Stephanie Hsu, Ke Huy Quan, Michelle Yeoh and James Hong
Photos:
A24
An emotional, high-concept, sci-fi action-comedy should hold together as well as a 150-foot-tall gumball machine in an earthquake. But this tricky execution is accomplished with steady hands, even if the script shoehorns in occasional lines of dialogue that attempt to pre-emptively excuse any confusion (“All we get are a few specks of time when any of this makes sense,” Joy says knowingly). Larkin Seiple’s camera moves with confidence and visual clarity, anchoring montages that zip through endless Evelyn variants while leaping agilely into the fray of a fight scene. The combat sequences are impeccably choreographed and continually surprising, shunning gore for cartoonish spins and splats. (One stand-out bit involves a fanny pack stuffed with fish-tank gravel; another, a small dog on a retractable leash.)
Michelle Yeoh and Jing Li
Photos:
A24
Naturally, Ms. Yeoh gets to flaunt her athletic grace. However, it’s the dozen iterations of Evelyn she plays in between (and during) punches that make this the performance of her career.
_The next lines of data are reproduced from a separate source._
(* Let $\mathcal{A}$ be an abelian category and $\alpha$ an amplitude on $\mathcal{A}$. Then $\alpha(A)=\mathrm{d}_\alpha(A,0)$ for every $A\in\operatorname{ob}\mathcal{A}$.
   Context: An amplitude on an abelian category $\mathcal{A}$ is a function $\alpha\colon\operatorname{ob}\mathcal{A}\to[0,\infty]$ with $\alpha(0)=0$ such that for every short exact sequence $0\to A\to B\to C\to0$, $\alpha(A)\le\alpha(B)$, $\alpha(C)\le\alpha(B)$ and $\alpha(B)\le\alpha(A)+\alpha(C)$. The cost of a zigzag $A\xleftarrow{\gamma_1}C_1\xrightarrow{\gamma_2}\cdots\xleftarrow{\gamma_{n-1}}C_n\xrightarrow{\gamma_n}B$ is $\sum_i\alpha(\ker\gamma_i)+\alpha(\operatorname{coker}\gamma_i)$; the path metric $\mathrm{d}_\alpha(A,B)$ is the infimum of costs over all zigzags between $A$ and $B$ ($\inf\emptyset=\infty$). *)

theory Defs
  imports Main "HOL-Library.Extended_Nonnegative_Real"
begin

record ('o, 'm) cat =
  Obj :: "'o set"
  Arr :: "'m set"
  Dom :: "'m \<Rightarrow> 'o"
  Cod :: "'m \<Rightarrow> 'o"
  Id  :: "'o \<Rightarrow> 'm"
  Comp :: "'m \<Rightarrow> 'm \<Rightarrow> 'm"   (* Comp C g f = g \<circ> f *)

definition hom :: "('o, 'm) cat \<Rightarrow> 'o \<Rightarrow> 'o \<Rightarrow> 'm set" where
  "hom C a b = {f \<in> Arr C. Dom C f = a \<and> Cod C f = b}"

definition category :: "('o, 'm) cat \<Rightarrow> bool" where
  "category C \<longleftrightarrow>
     (\<forall>f \<in> Arr C. Dom C f \<in> Obj C \<and> Cod C f \<in> Obj C) \<and>
     (\<forall>a \<in> Obj C. Id C a \<in> hom C a a) \<and>
     (\<forall>f \<in> Arr C. \<forall>g \<in> Arr C. Dom C g = Cod C f \<longrightarrow>
         Comp C g f \<in> hom C (Dom C f) (Cod C g)) \<and>
     (\<forall>f \<in> Arr C. \<forall>g \<in> Arr C. \<forall>h \<in> Arr C. Dom C g = Cod C f \<and> Dom C h = Cod C g \<longrightarrow>
         Comp C h (Comp C g f) = Comp C (Comp C h g) f) \<and>
     (\<forall>f \<in> Arr C. Comp C (Id C (Cod C f)) f = f \<and> Comp C f (Id C (Dom C f)) = f)"

definition zero_obj :: "('o, 'm) cat \<Rightarrow> 'o \<Rightarrow> bool" where
  "zero_obj C z \<longleftrightarrow> z \<in> Obj C \<and>
     (\<forall>a \<in> Obj C. (\<exists>!f. f \<in> hom C a z) \<and> (\<exists>!f. f \<in> hom C z a))"
(* Let $\nu(dx)=f(x)\,dx$ be a measure on $\mathbb{R}$ such that $E=\operatorname{supp}f$ is a bounded subset of $\mathbb{R}$, and such that for some constants $C>\varepsilon>0$ we have $|f-C|<\varepsilon$ on $E$. Let $\nu'(dx)=C\chi_E(x)\,dx$, $\nu_t=D_t^*(\nu)$ and $\nu'_t=D_t^*(\nu')$. Let $\mu$ be a probability measure on $\mathbb{R}$ whose support is bounded. Then $$\left|\liminf_{t\to0}\frac{H(\mu*\nu_t')}{|\log t|}-\liminf_{t\to0}\frac{H(\mu*\nu_t)}{|\log t|}\right|\le\varepsilon\lambda(E),$$ where $\lambda$ is Lebesgue measure.
   Context: For $t>0$, $D_t:\mathbb{R}\to\mathbb{R}$ is $x\mapsto tx$, and $D_t^*$ denotes push-forward by $D_t$. For non-negative measurable $q$, $H(q(x)\,dx)=\int q\log q\,dx$, even when $q\,dx$ is not a probability measure. *)

theory Defs
  imports "HOL-Probability.Probability"
begin

definition fun_support :: "(real \<Rightarrow> real) \<Rightarrow> real set" where
  "fun_support f = closure {x. f x \<noteq> 0}"

definition measure_support :: "real measure \<Rightarrow> real set" where
  "measure_support M = {x. \<forall>e>0. emeasure M (ball x e) > 0}"

definition dilate :: "real \<Rightarrow> real measure \<Rightarrow> real measure" where
  "dilate t M = distr M borel (\<lambda>x. t * x)"

definition entropy_H :: "real measure \<Rightarrow> real" where
  "entropy_H M = (\<integral>x. (let q = enn2real (RN_deriv lborel M x) in q * ln q) \<partial>lborel)"

end

theory Submission
  imports Defs
begin
text \<open>This is where \<open>d \<ge> 3\<close> and \<open>n \<ge> 6\<close> enter.\<close>

lemma count_lt_choose:
  assumes n: "6 \<le> n" and d: "3 \<le> d"
  shows "(d + n - 1) * n < (d + n - 1) choose (n - 1)"
  using d
proof (induction d rule: dec_induct)
  case base
  have "(n + 2) choose (n - 1) = (n + 2) choose 3"
    using binomial_symmetric[of "n - 1" "n + 2"] n by simp
  moreover have "6 * ((n + 2) choose 3) = (n + 2) * (n + 1) * n"
    using six_times_choose_3[of n] by simp
  moreover have "6 * ((n + 2) * n) < (n + 2) * (n + 1) * n"
  proof -
    have "((n + 2) * n) * 6 < ((n + 2) * n) * (n + 1)" using n by (intro mult_strict_left_mono) auto
    then show ?thesis by (simp only: ac_simps)
  qed
  ultimately show ?case by (simp add: add.commute)
next
  case (step d)
  have n1: "n - 1 = Suc (n - 2)" using n by simp
  have dn: "Suc d + n - 1 = Suc (d + n - 1)" using n by simp
  have "(Suc d + n - 1) choose (n - 1) = ((d + n - 1) choose (n - 2)) + ((d + n - 1) choose (n - 1))"
    unfolding dn n1 by (rule binomial_Suc_Suc)
  moreover have "n \<le> (d + n - 1) choose (n - 2)"
  proof -
    have "(n + 2) choose 1 \<le> (n + 2) choose 4" using n by (intro binomial_mono) auto
    also have "(n + 2) choose 4 = (n + 2) choose (n - 2)"
      using binomial_symmetric[of 4 "n + 2"] n by simp
    also have "\<dots> \<le> (d + n - 1) choose (n - 2)" using step.hyps by (intro binomial_right_mono) simp
    finally show ?thesis by simp
  qed
  moreover have "(d + n) * n = (d + n - 1) * n + n" using n by (cases "d + n") auto
  ultimately show ?case using step.IH by simp
qed

lemma param_count_lt_dim:
  assumes "6 \<le> n" "3 \<le> d" "r < d + n"
  shows "r * n + (r choose n) < (n + d) choose n"
proof -
  have "r * n + (r choose n) \<le> (d + n - 1) * n + ((d + n - 1) choose n)"
    using assms(3) by (intro add_mono mult_right_mono binomial_right_mono) auto
  also have "\<dots> < ((d + n - 1) choose (n - 1)) + ((d + n - 1) choose n)"
    using count_lt_choose[OF assms(1,2)] by simp
  also have "\<dots> = (n + d) choose n"
    using binomial_Suc_Suc[of "d + n - 1" "n - 1"] assms(1) by (simp add: add.commute)
  finally show ?thesis .
qed

lemma card_param_vars:
  assumes jc: "jc \<in> PiE {..<r} (\<lambda>_. {..n})"
  shows "finite (param_vars n r jc)" "card (param_vars n r jc) \<le> r * n + card (star_subsets n r)"
proof -
  let ?Sg = "SIGMA i:{..<r}. {..n} - {jc i}"
  have "card ?Sg = (\<Sum>i<r. card ({..n} - {jc i}))" by (simp add: card_SigmaI)
  also have "\<dots> = (\<Sum>i<r. n)" using jc by (intro sum.cong) (auto simp: PiE_def Pi_def)
  finally have card_Sg: "card ?Sg = r * n" by simp
  show "finite (param_vars n r jc)" using finite_star_subsets by (simp add: param_vars_def)
  have "card (param_vars n r jc) \<le> card (Inl ` ?Sg :: ((nat \<times> nat) + nat set) set) +
      card (Inr ` star_subsets n r :: ((nat \<times> nat) + nat set) set)"
    unfolding param_vars_def by (rule card_Un_le)
  also have "\<dots> \<le> card ?Sg + card (star_subsets n r)" by (intro add_mono card_image_le) (auto simp: finite_star_subsets)
  finally show "card (param_vars n r jc) \<le> r * n + card (star_subsets n r)" using card_Sg by simp
qed
lemma qualitatively_independent_partner:
  assumes "X \<subseteq> U" "2 \<le> card X" "2 \<le> card (U - X)"
  obtains Y where "qualitatively_independent U Y X"
proof -
  obtain s1 s2 where "s1 \<in> X" "s2 \<in> X" "s1 \<noteq> s2" using two_le_card_obtains[OF assms(2)] .
  moreover obtain t1 t2 where "t1 \<in> U - X" "t2 \<in> U - X" "t1 \<noteq> t2"
    using two_le_card_obtains[OF assms(3)] .
  ultimately have "qualitatively_independent U {s1, t1} X"
    using assms(1) by (intro qualitatively_independentI[of s1 _ _ _ t1 s2 t2]) auto
  then show ?thesis using that by blast
qed

lemma card_subsets_containing:
  assumes "1 \<le> k" "x \<in> U" "finite U"
  shows "card {B. B \<subseteq> U \<and> x \<in> B \<and> card B = k} = (card U - 1) choose (k - 1)"
proof -
  let ?C = "{C. C \<subseteq> U - {x} \<and> card C = k - 1}"
  have "{B. B \<subseteq> U \<and> x \<in> B \<and> card B = k} = insert x ` ?C"
  proof (intro equalityI subsetI)
    fix B assume "B \<in> {B. B \<subseteq> U \<and> x \<in> B \<and> card B = k}"
    then have "B - {x} \<in> ?C" "B = insert x (B - {x})"
      using finite_subset[OF _ assms(3)] by (auto simp: card_Diff_singleton)
    then show "B \<in> insert x ` ?C" by blast
  next
    fix B assume "B \<in> insert x ` ?C"
    then obtain C where C: "C \<subseteq> U - {x}" "card C = k - 1" "B = insert x C" by auto
    then have "finite C" "x \<notin> C" using assms(3) finite_subset by auto
    then show "B \<in> {B. B \<subseteq> U \<and> x \<in> B \<and> card B = k}"
      using assms C by auto
  qed
  moreover have "inj_on (insert x) ?C"
  proof (rule inj_onI)
    fix C D assume "C \<in> ?C" "D \<in> ?C" "insert x C = insert x D"
    then have "x \<notin> C" "x \<notin> D" "insert x C = insert x D" by auto
    then show "C = D" by (metis Diff_insert_absorb)
  qed
  ultimately show ?thesis
    using n_subsets[of "U - {x}" "k - 1"] assms by (simp add: card_image)
qed
lemma prob_coin_average_deviation:
  fixes p C :: real and k :: nat
  defines "s \<equiv> p * (1 - p)"
  assumes p: "0 < p" "p < 1" and k: "0 < k" and C: "0 \<le> C" "C \<le> 4 * real k * s"
  shows "measure_pmf.prob (Pi_pmf {..<k} False (\<lambda>_. bernoulli_pmf p))
           {c. sqrt (C * s / real k) \<le> \<bar>(\<Sum>t<k. if c t then 1 else 0) / real k - p\<bar>}
         \<le> 2 * exp (- C / 4)"
proof -
  define \<tau> where "\<tau> = sqrt (C * s / real k)"
  have s: "0 < s" using p by (simp add: s_def)
  have "0 \<le> C * s / real k" using C s by simp
  then have \<tau>: "0 \<le> \<tau>" "\<tau>\<^sup>2 = C * s / real k"
    unfolding \<tau>_def by simp_all
  have "\<tau>\<^sup>2 \<le> 4 * real k * s * s / real k"
    unfolding \<tau>(2) using C s by (intro divide_right_mono mult_right_mono) auto
  also have "\<dots> = (2 * s)\<^sup>2" using k by (simp add: power2_eq_square)
  finally have "\<tau> \<le> 2 * s" by (rule power2_le_imp_le) (use s in simp)
  define l where "l = \<tau> / (2 * s)" \<comment> \<open>minimises the Chernoff exponent; it is at most 1 by the bound on C\<close>
  have l: "0 \<le> l" "l \<le> 1" using \<tau> s \<open>\<tau> \<le> 2 * s\<close> by (simp_all add: l_def divide_le_eq_1)
  have "(\<Sum>t<k. if c t then 1 else 0) / real k - p = (\<Sum>t<k. (if c t then 1 else 0) - p) / real k"
    for c :: "nat \<Rightarrow> bool"
    using k by (simp add: sum_subtractf diff_divide_distrib)
  then have avg: "\<tau> \<le> \<bar>(\<Sum>t<k. if c t then 1 else 0) / real k - p\<bar>
                    \<longleftrightarrow> real k * \<tau> \<le> \<bar>\<Sum>t<k. (if c t then 1 else 0) - p\<bar>" for c
    using k by (simp add: pos_le_divide_eq mult.commute)
  have "measure_pmf.prob (Pi_pmf {..<k} False (\<lambda>_. bernoulli_pmf p))
          {c. \<tau> \<le> \<bar>(\<Sum>t<k. if c t then 1 else 0) / real k - p\<bar>}
        = measure_pmf.prob (Pi_pmf {..<k} False (\<lambda>_. bernoulli_pmf p))
          {c. real k * \<tau> \<le> \<bar>\<Sum>t<k. (if c t then 1 else 0) - p\<bar>}"
    by (simp only: avg)
  also have "\<dots> \<le> 2 * exp (- (l * (real k * \<tau>)) + l\<^sup>2 * (\<Sum>t<k. p * (1 - p)))"
    using p by (intro prob_bernoulli_sum_abs_ge l) auto
  also have "(\<Sum>t<k. p * (1 - p)) = real k * s" by (simp add: s_def)
  also have "- (l * (real k * \<tau>)) + l\<^sup>2 * (real k * s) = - real k * \<tau>\<^sup>2 / (4 * s)"
    using s by (simp add: l_def power2_eq_square field_simps)
  also have "\<dots> = - C / 4"
    using s k by (simp add: \<tau>(2))
  finally show ?thesis by (simp add: \<tau>_def)
qed

lemma comparisons_edge_marginal:
  assumes "finite E" "e \<in> E"
  shows "map_pmf (\<lambda>\<omega> t. \<omega> (e, t)) (comparisons E w k)
           = Pi_pmf {..<k} False (\<lambda>_. bernoulli_pmf (p_win w (fst e) (snd e)))"
proof -
  let ?A = "E \<times> {..<k}" and ?B = "{e} \<times> {..<k}" and ?h = "\<lambda>t. (e, t)"
  let ?coin = "bernoulli_pmf (p_win w (fst e) (snd e))"
  have "Pi_pmf {..<k} False (\<lambda>_. ?coin) = map_pmf (\<lambda>g. g \<circ> ?h) (Pi_pmf ?B False (\<lambda>_. ?coin))"
    by (rule Pi_pmf_bij_betw) (auto simp: bij_betw_def inj_on_def)
  also have "Pi_pmf ?B False (\<lambda>_. ?coin) = Pi_pmf ?B False (\<lambda>((i, j), t). bernoulli_pmf (p_win w i j))"
    by (intro Pi_pmf_cong) auto
  also have "\<dots> = map_pmf (\<lambda>\<omega> x. if x \<in> ?B then \<omega> x else False) (comparisons E w k)"
    unfolding comparisons_def using assms by (intro Pi_pmf_subset) auto
  also have "map_pmf (\<lambda>g. g \<circ> ?h) \<dots> = map_pmf (\<lambda>\<omega> t. \<omega> (e, t)) (comparisons E w k)"
  proof (unfold pmf.map_comp, intro map_pmf_cong refl ext)
    fix \<omega> t assume "\<omega> \<in> set_pmf (comparisons E w k)"
    then have "\<omega> x = False" if "x \<notin> ?A" for x
      using set_Pi_pmf_subset[of ?A False "\<lambda>((i, j), t). bernoulli_pmf (p_win w i j)"] assms(1) that
      unfolding comparisons_def by blast
    then show "((\<lambda>g. g \<circ> ?h) \<circ> (\<lambda>\<omega> x. if x \<in> ?B then \<omega> x else False)) \<omega> t = \<omega> (e, t)"
      using assms(2) by auto
  qed
  finally show ?thesis ..
qed
text \<open>
  The carry step is \<open>C' = -((C + S - d) div b)\<close> with \<open>S = X\<^sub>1 + \<dots> + X\<^sub>n\<close>, so
  \<open>C' = j\<close> exactly when \<open>S\<close> lies in a window of \<open>b\<close> consecutive integers. Adding one
  more uniform digit to \<open>S\<close> turns the probability of such a window into \<open>b\<close> times a
  point probability of \<open>X\<^sub>1 + \<dots> + X\<^sub>n\<^sub>+\<^sub>1\<close>. The point probabilities of a sum of \<open>k\<close>
  uniform digits follow by induction on \<open>k\<close> from the classical inclusion-exclusion count
  of compositions with parts below \<open>b\<close>: the convolution with one more digit is a
  telescoping window sum of the counts of unrestricted weak compositions, and Pascal's
  rule reassembles the alternating binomial coefficients.
\<close>

lemma int_div_diff_mult_self: "(b::int) \<noteq> 0 \<Longrightarrow> (m - b * r) div b = m div b - r"
  by (metis add.commute diff_conv_add_uminus div_mult_self1 mult.commute mult_minus_left)

lemma int_nonneg_diff_mult_iff_le_div:
  "0 < (b::int) \<Longrightarrow> 0 \<le> m - b * r \<longleftrightarrow> r \<le> m div b"
  using pos_imp_zdiv_nonneg_iff[of b "m - b * r"] by (simp add: int_div_diff_mult_self)

lemma int_div_eq_iff:
  "0 < (b::int) \<Longrightarrow> x div b = q \<longleftrightarrow> b * q \<le> x \<and> x < b * q + b"
  using zdiv_eq_0_iff[of "x - b * q" b] by (auto simp: int_div_diff_mult_self)

lemma alternating_binomial_sum_diff:
  fixes A :: "nat \<Rightarrow> 'a :: comm_ring_1"
  shows "(\<Sum>r\<le>k. (-1) ^ r * of_nat (k choose r) * (A r - A (Suc r))) =
         (\<Sum>r\<le>Suc k. (-1) ^ r * of_nat (Suc k choose r) * A r)"
proof -
  have shifted: "A 0 + (\<Sum>r\<le>k. (-1) ^ Suc r * of_nat (k choose Suc r) * A (Suc r)) =
      (\<Sum>r\<le>k. (-1) ^ r * of_nat (k choose r) * A r)"
    using sum.atMost_Suc_shift[of "\<lambda>r. (-1) ^ r * of_nat (k choose r) * A r" k]
    by (simp add: binomial_eq_0)
  have "(\<Sum>r\<le>Suc k. (-1) ^ r * of_nat (Suc k choose r) * A r)
      = A 0 + (\<Sum>r\<le>k. (-1) ^ Suc r * of_nat (k choose Suc r) * A (Suc r))
            + (\<Sum>r\<le>k. (-1) ^ Suc r * of_nat (k choose r) * A (Suc r))"
    by (subst sum.atMost_Suc_shift) (simp add: sum.distrib[symmetric] algebra_simps)
  also have "\<dots> = (\<Sum>r\<le>k. (-1) ^ r * of_nat (k choose r) * (A r - A (Suc r)))"
    unfolding shifted by (simp add: sum.distrib[symmetric] algebra_simps)
  finally show ?thesis ..
qed

fun weak_compositions :: "nat \<Rightarrow> int \<Rightarrow> real" where
  "weak_compositions 0 m = (if m = 0 then 1 else 0)"
| "weak_compositions (Suc k) m = (\<Sum>y\<in>{0..m}. weak_compositions k y)"
text \<open>Since c drops by at most one per step, the first later position below level c t has
  code value exactly c t - 1.\<close>
lemma code_seq_first_drop:
  assumes c: "code_seq n c" and ct: "c t = int L + 1"
  obtains t' where "t < t'" "c t' = int L" "\<And>k. t \<le> k \<Longrightarrow> k < t' \<Longrightarrow> int L < c k"
proof -
  obtain z where "t < z" "c z = 0" using code_seq_zero_in_window[OF c, of t] by blast
  then have ex: "\<exists>k::nat. 0 < k \<and> c (t + int k) \<le> int L" by (intro exI[of _ "nat (z - t)"]) auto
  define K where "K = (LEAST k::nat. 0 < k \<and> c (t + int k) \<le> int L)"
  have K: "0 < K" "c (t + int K) \<le> int L" using LeastI_ex[OF ex] unfolding K_def by auto
  have above: "int L < c k" if "t \<le> k" "k < t + int K" for k
  proof (cases "k = t")
    case False
    then have "nat (k - t) < K" "0 < nat (k - t)" using that by auto
    from not_less_Least[OF this(1)[unfolded K_def]] this(2) show ?thesis using that by auto
  qed (use ct in simp)
  have "c (t + int K - 1) \<le> c (t + int K) + 1" using c unfolding code_seq_def by (metis diff_add_cancel)
  moreover have "int L < c (t + int K - 1)" using above[of "t + int K - 1"] K(1) by simp
  ultimately have "c (t + int K) = int L" using K(2) by simp
  then show ?thesis using that[of "t + int K"] K(1) above by simp
qed
(* Assume the scores are produced by a symmetric transformation, the intervals $\mathcal{I}_1,\ldots,\mathcal{I}_L$ are fixed (data-independent), and $H_0$ holds ($Z_1,\ldots,Z_n$ i.i.d. with an arbitrary law). Then for every $\alpha\in(0,1)$ and every integer $B\ge1$, $\Pr\{\max_{\ell\in[L]}T_{n,\ell}>t_{\alpha,B}\}\le\alpha.$
   Context: Let $Z_1,\ldots,Z_n$ be independent random elements of a measurable space $\mathcal{Z}$, $\mathcal{D}=(Z_1,\ldots,Z_n)$. A measurable $\mathbb{S}:\mathcal{Z}\times\mathcal{Z}^n\to\mathbb{R}$ is a symmetric transformation if $\mathbb{S}(z;\mathcal{D})=\mathbb{S}(z;\mathcal{D}_\pi)$ for all $z$ and all permutations $\pi$ of $[n]$, where $\mathcal{D}_\pi=(Z_{\pi(1)},\ldots,Z_{\pi(n)})$. Scores: $S_i=\mathbb{S}(Z_i;\mathcal{D})+\epsilon e_i$ with fixed $\epsilon>0$ and $e_i$ i.i.d. $\mathcal{N}(0,1)$ independent of the data. Let $\mathcal{I}_1,\ldots,\mathcal{I}_L$ be nonempty subintervals of $\{1,\ldots,n\}$. Local ranks: $R_{i,\ell}=|\{j\in\mathcal{I}_\ell:S_j\le S_i\}|$ for $i\in\mathcal{I}_\ell$. The aggregation function $\mathbb{A}$ maps finite rank vectors to $[0,\infty)$; $T_{n,\ell}=\mathbb{A}((R_{i,\ell})_{i\in\mathcal{I}_\ell})$ (ranks in increasing order of $i$). For a permutation $\pi$ of $[n]$, $\mathbb{G}(\pi)_\ell=\mathbb{A}\big((|\{j\in\mathcal{I}_\ell:\pi(j)\le\pi(i)\}|)_{i\in\mathcal{I}_\ell}\big)$, $\ell\in[L]$. Let $\pi_1,\ldots,\pi_B$ be i.i.d. uniform random permutations of $[n]$, independent of the data, and let $t_{\alpha,B}$ be the $\lceil(1-\alpha)(B+1)\rceil$-th smallest value among $\{\|\mathbb{G}(\pi_b)\|_\infty:b\in[B]\}$ (with $t_{\alpha,B}=+\infty$ if $\lceil(1-\alpha)(B+1)\rceil>B$). *)

theory Defs
  imports "HOL-Probability.Probability" "HOL-Combinatorics.Permutations"
begin

text \<open>Indices are 1-based: the data set is D :: nat \<Rightarrow> 'z, an element of
  PiM {1..n} (\<lambda>_. M) (extensional functions on {1..n}).\<close>

definition interval_family :: "nat \<Rightarrow> nat \<Rightarrow> (nat \<Rightarrow> nat set) \<Rightarrow> bool" where
  "interval_family n L I \<longleftrightarrow>
     (\<forall>l\<in>{1..L}. \<exists>a b. 1 \<le> a \<and> a \<le> b \<and> b \<le> n \<and> I l = {a..b})"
This is her showcase of her even as she’s framed by goons who burst into glitter, a slow-burning joke about a knife-wielding raccoon, and a philosophical debate between two rocks in a corner of a multiverse where biological life never existed. Despite their wundercabinet of delights, the filmmakers most want to celebrate human beings in all their contradictions. Each of us, the movie says, is capable of everything.
—Ms. Nicholson is a film critic in Los Angeles and host of the podcast “Unspooled.”